**Required work**
Check each line of the entries below for the word "section", and copy out the ones that have it.

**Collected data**
(* The shifted sequence is generated by its residual automaton, whose states are the
  maps s \<mapsto> h (val (p s) + c), undefined on invalid words, one for each valid prefix p; so it
  suffices to count these residuals. Pad p with leading zeros and split it as p = a u with
  |u| = r, where c < F (r + 1) and 2^r = O((c + 1)^2). Adding c to the value of a u s changes
  only the tail u s, up to a carry that replaces a by its successor b (same length, value one
  larger), and since val (b 0^L) = val (a 0^L) + (number of valid tails of length L after a),
  whether the carry happens and what the new tail is depend only on u, s and the last digit of a.
  So the residual of p is determined by the states reached on a and on b, by u and by the last
  digit of a, which leaves at most 2 m^2 2^r = O(m^2 (c + 1)^2) residuals. *)

section \<open>Valid Fibonacci words\<close>

lemma fib_val_Nil [simp]: "fib_val [] = 0"
  by (simp add: fib_val_def)

lemma fib_val_Cons [simp]:
  "fib_val (e # w) = (if e then fib (length w + 2) else 0) + fib_val w"
proof -
  have "fib_val (e # w)
      = (\<Sum>j<Suc (length w). if (e # w) ! j then fib (Suc (length w) - j + 1) else 0)"
    by (simp only: fib_val_def length_Cons)
  also have "\<dots> = (if e then fib (length w + 2) else 0) + fib_val w"
    by (subst sum.lessThan_Suc_shift) (auto simp: fib_val_def intro!: sum.cong)
  finally show ?thesis .
qed

lemma fib_valid_Nil [simp]: "fib_valid []"
  and fib_valid_singleton [simp]: "fib_valid [e]"
  by (auto simp: fib_valid_def)

lemma fib_valid_Cons_Cons [simp]:
  "fib_valid (x # y # w) \<longleftrightarrow> \<not> (x \<and> y) \<and> fib_valid (y # w)"
proof -
  have "fib_valid (x # y # w) \<longleftrightarrow> (\<forall>j<Suc (length w). \<not> ((x # y # w) ! j \<and> (y # w) ! j))"
    by (simp add: fib_valid_def)
  also have "\<dots> \<longleftrightarrow> \<not> (x \<and> y) \<and> fib_valid (y # w)"
    by (simp only: All_less_Suc2) (simp add: fib_valid_def)
  finally show ?thesis .
qed

lemma fib_valid_ConsD: "fib_valid (e # w) \<Longrightarrow> fib_valid w"
  by (cases w) auto

lemma fib_valid_False_Cons [simp]: "fib_valid (False # w) \<longleftrightarrow> fib_valid w"
  by (cases w) auto

lemma fib_valid_append:
  "a \<noteq> [] \<Longrightarrow> fib_valid (a @ w) \<longleftrightarrow> fib_valid a \<and> fib_valid (last a # w)"
proof (induction a rule: induct_list012)
  case (3 x y a)
  then show ?case by auto
qed simp_all

lemma fib_valid_appendD:
  assumes "fib_valid (a @ w)"
  shows "fib_valid a" and "fib_valid w"
  using assms fib_valid_append[of a w] fib_valid_ConsD by (cases "a = []"; auto)+

lemma fib_val_replicate_False_append [simp]: "fib_val (replicate k False @ w) = fib_val w"
  and fib_valid_replicate_False_append [simp]: "fib_valid (replicate k False @ w) \<longleftrightarrow> fib_valid w"
  by (induction k) auto

lemma fib_val_replicate_False [simp]: "fib_val (replicate k False) = 0"
  and fib_valid_replicate_False [simp]: "fib_valid (replicate k False)"
  using fib_val_replicate_False_append[of k "[]"] fib_valid_replicate_False_append[of k "[]"]
  by simp_all

lemma fib_val_append: "fib_val (a @ w) = fib_val (a @ replicate (length w) False) + fib_val w"
  by (induction a) auto

lemma fib_val_less: "fib_valid w \<Longrightarrow> fib_val w < fib (length w + 2)"
proof (induction w rule: induct_list012)
  case (2 x)
  then show ?case by (simp add: numeral_eq_Suc)
next
  case (3 x y w)
  have IH1: "fib_val w < fib (length w + 2)" and IH2: "fib_val (y # w) < fib (length w + 3)"
    using 3 fib_valid_ConsD by (auto simp: numeral_eq_Suc)
  have "fib (length w + 4) = fib (length w + 3) + fib (length w + 2)"
    using fib_plus_2[of "length w + 2"] by (simp add: numeral_eq_Suc)
  with IH1 IH2 "3.prems" show ?case
    by (cases x) (auto simp: numeral_eq_Suc)
qed simp

(* The number of valid words of length L that may follow the digit e. *)
definition follow_count :: "bool \<Rightarrow> nat \<Rightarrow> nat" where
  "follow_count e L = (if e then fib (L + 1) else fib (L + 2))"

lemma follow_count_pos: "0 < follow_count e L"
  by (simp add: follow_count_def fib_neq_0_nat)

lemma follow_count_le: "follow_count e L \<le> fib (L + 2)"
  by (simp add: follow_count_def fib_mono)

lemma fib_valid_Cons_iff:
  "fib_valid (e # w) \<longleftrightarrow> fib_valid w \<and> fib_val w < follow_count e (length w)"
proof (cases w)
  case (Cons y w')
  have "fib_valid (y # w') \<Longrightarrow> fib_val (y # w') < fib (length w' + 3)"
    using fib_val_less[of "y # w'"] by (simp add: numeral_eq_Suc)
  moreover have "fib_valid w' \<Longrightarrow> fib_val w' < fib (length w' + 2)"
    by (rule fib_val_less)
  ultimately show ?thesis
    using Cons fib_valid_ConsD by (cases y) (auto simp: follow_count_def numeral_eq_Suc)
qed (simp add: follow_count_def)

lemma fib_valid_append_zeros: "fib_valid a \<Longrightarrow> fib_valid (a @ replicate L False)"
  by (cases "a = []") (simp_all add: fib_valid_append fib_valid_Cons_iff follow_count_pos)

lemma lexordp_append_same_length:
  fixes a b :: "'a::linorder list"
  shows "ord_class.lexordp a b \<Longrightarrow> length a = length b \<Longrightarrow> ord_class.lexordp (a @ w) (b @ w')"
  by (induction rule: lexordp_induct) auto

lemma fib_val_lexordp_less:
  "ord_class.lexordp a b \<Longrightarrow> length a = length b \<Longrightarrow> fib_valid a \<Longrightarrow> fib_valid b
   \<Longrightarrow> fib_val a < fib_val b"
proof (induction rule: lexordp_induct)
  case (Cons x xs y ys)
  have "fib_val xs < fib (length xs + 2)"
    using Cons.prems(2) by (intro fib_val_less) (rule fib_valid_ConsD)
  with Cons show ?case
    by simp
next
  case (Cons_eq x xs ys)
  then show ?case
    using fib_valid_ConsD by simp
qed simp

lemma fib_val_less_imp_lexordp:
  assumes "length a = length b" "fib_valid a" "fib_valid b" "fib_val a < fib_val b"
  shows "ord_class.lexordp a b"
proof (rule ccontr)
  assume "\<not> ord_class.lexordp a b"
  then have "a = b \<or> ord_class.lexordp b a"
    using lexordp_linear by blast
  then show False
    using fib_val_lexordp_less[of b a] assms by auto
qed

lemma fib_val_inj:
  assumes "length a = length b" "fib_valid a" "fib_valid b" "fib_val a = fib_val b"
  shows "a = b"
proof (rule ccontr)
  assume "a \<noteq> b"
  then have "ord_class.lexordp a b \<or> ord_class.lexordp b a"
    using lexordp_linear by blast
  then show False
    using fib_val_lexordp_less[of a b] fib_val_lexordp_less[of b a] assms by auto
qed

lemma fib_val_append_less:
  assumes "length a = length b" "length w = length w'"
    and "fib_valid (a @ w)" "fib_valid (b @ w')" and "fib_val a < fib_val b"
  shows "fib_val (a @ w) < fib_val (b @ w')"
proof -
  have "ord_class.lexordp a b"
    using assms fib_valid_appendD(1) by (intro fib_val_less_imp_lexordp) auto
  then have "ord_class.lexordp (a @ w) (b @ w')"
    using assms(1) by (rule lexordp_append_same_length)
  then show ?thesis
    using assms by (intro fib_val_lexordp_less) auto
qed

section \<open>Zeckendorf representations and carries\<close>

fun fib_rep :: "nat \<Rightarrow> nat \<Rightarrow> bool list" where
  "fib_rep 0 n = []"
| "fib_rep (Suc L) n =
     (if n < fib (L + 2) then False # fib_rep L n else True # fib_rep L (n - fib (L + 2)))"

lemma length_fib_rep [simp]: "length (fib_rep L n) = L"
  by (induction L arbitrary: n) auto

lemma fib_rep_correct: "n < fib (L + 2) \<Longrightarrow> fib_valid (fib_rep L n) \<and> fib_val (fib_rep L n) = n"
proof (induction L arbitrary: n)
  case (Suc L)
  show ?case
  proof (cases "n < fib (L + 2)")
    case True
    then show ?thesis
      using Suc.IH[of n] by (simp add: fib_valid_Cons_iff follow_count_def)
  next
    case False
    have "fib (Suc L + 2) = fib (L + 2) + fib (L + 1)"
      using fib_plus_2[of "L + 1"] by simp
    then have "n - fib (L + 2) < fib (L + 1)"
      using Suc.prems False by linarith
    moreover have "fib (L + 1) \<le> fib (L + 2)"
      by (rule fib_mono) simp
    ultimately show ?thesis
      using False Suc.IH[of "n - fib (L + 2)"] by (simp add: fib_valid_Cons_iff follow_count_def)
  qed
qed simp

lemma fib_val_fib_rep: "n < fib (L + 2) \<Longrightarrow> fib_val (fib_rep L n) = n"
  using fib_rep_correct by blast

lemma fib_valid_Cons_fib_rep: "n < follow_count e L \<Longrightarrow> fib_valid (e # fib_rep L n)"
  using follow_count_le[of e L] by (simp add: fib_valid_Cons_iff fib_rep_correct)

lemma fib_val_append_zeros_add_follow_count_le:
  assumes "fib_valid a" "fib_valid b" "length a = length b" "a \<noteq> []" "fib_val a < fib_val b"
  shows "fib_val (a @ replicate L False) + follow_count (last a) L \<le> fib_val (b @ replicate L False)"
proof -
  define k where "k = follow_count (last a) L"
  define w where "w = fib_rep L (k - 1)"
  have "0 < k" "k \<le> fib (L + 2)"
    using follow_count_pos follow_count_le k_def by auto
  then have "fib_valid (last a # w)" "fib_val w = k - 1"
    using fib_valid_Cons_fib_rep[of "k - 1" "last a" L] fib_val_fib_rep[of "k - 1" L]
    by (simp_all add: k_def w_def)
  then have "fib_val (a @ w) < fib_val (b @ replicate L False)"
    using assms by (intro fib_val_append_less) (simp_all add: w_def fib_valid_append fib_valid_append_zeros)
  moreover have "fib_val (a @ w) = fib_val (a @ replicate L False) + (k - 1)"
    using fib_val_append[of a w] \<open>fib_val w = k - 1\<close> by (simp add: w_def)
  ultimately show ?thesis
    using \<open>0 < k\<close> k_def by simp
qed

lemma fib_val_append_zeros_le_of_succ:
  assumes "fib_valid a" "fib_valid b" "length a = length b" "a \<noteq> []" "fib_val b = fib_val a + 1"
  shows "fib_val (b @ replicate L False) \<le> fib_val (a @ replicate L False) + follow_count (last a) L"
proof (rule ccontr)
  define Z where "Z = replicate L False"
  define n where "n = fib_val (a @ Z) + follow_count (last a) L"
  assume "\<not> ?thesis"
  then have n_less: "n < fib_val (b @ Z)"
    by (simp add: n_def Z_def)
  have valid_aZ: "fib_valid (a @ Z)" and valid_bZ: "fib_valid (b @ Z)"
    using assms fib_valid_append_zeros Z_def by auto
  then have "n < fib (length a + L + 2)"
    using n_less fib_val_less[of "b @ Z"] assms(3) by (simp add: Z_def)
  then obtain a' w where v: "fib_valid (a' @ w)" "fib_val (a' @ w) = n" "length a' = length a" "length w = L"
  proof -
    define v where "v = fib_rep (length a + L) n"
    have "fib_valid v" "fib_val v = n" "length v = length a + L"
      using fib_rep_correct \<open>n < fib (length a + L + 2)\<close> by (simp_all add: v_def)
    then show thesis
      using that[of "take (length a) v" "drop (length a) v"] by simp
  qed
  have "fib_valid a'"
    using v(1) fib_valid_appendD by blast
  consider "fib_val a' < fib_val a" | "a' = a" | "a' = b" | "fib_val b < fib_val a'"
    using fib_val_inj[of a' a] fib_val_inj[of a' b] \<open>fib_valid a'\<close> assms v(3) by linarith
  then show False
  proof cases
    case 1
    then show False
      using fib_val_append_less[of a' a w Z] v valid_aZ n_def by (simp add: Z_def)
  next
    case 2
    then have "fib_val w < follow_count (last a) L"
      using v assms(4) by (simp add: fib_valid_append fib_valid_Cons_iff)
    then show False
      using fib_val_append[of a w] v 2 n_def by (simp add: Z_def)
  next
    case 3
    then show False
      using fib_val_append[of b w] v n_less by (simp add: Z_def)
  next
    case 4
    then show False
      using fib_val_append_less[of b a' Z w] v valid_bZ n_less assms(3) by (simp add: Z_def)
  qed
qed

**Result below**
section \<open>Valid Fibonacci words\<close>
section \<open>Zeckendorf representations and carries\<close>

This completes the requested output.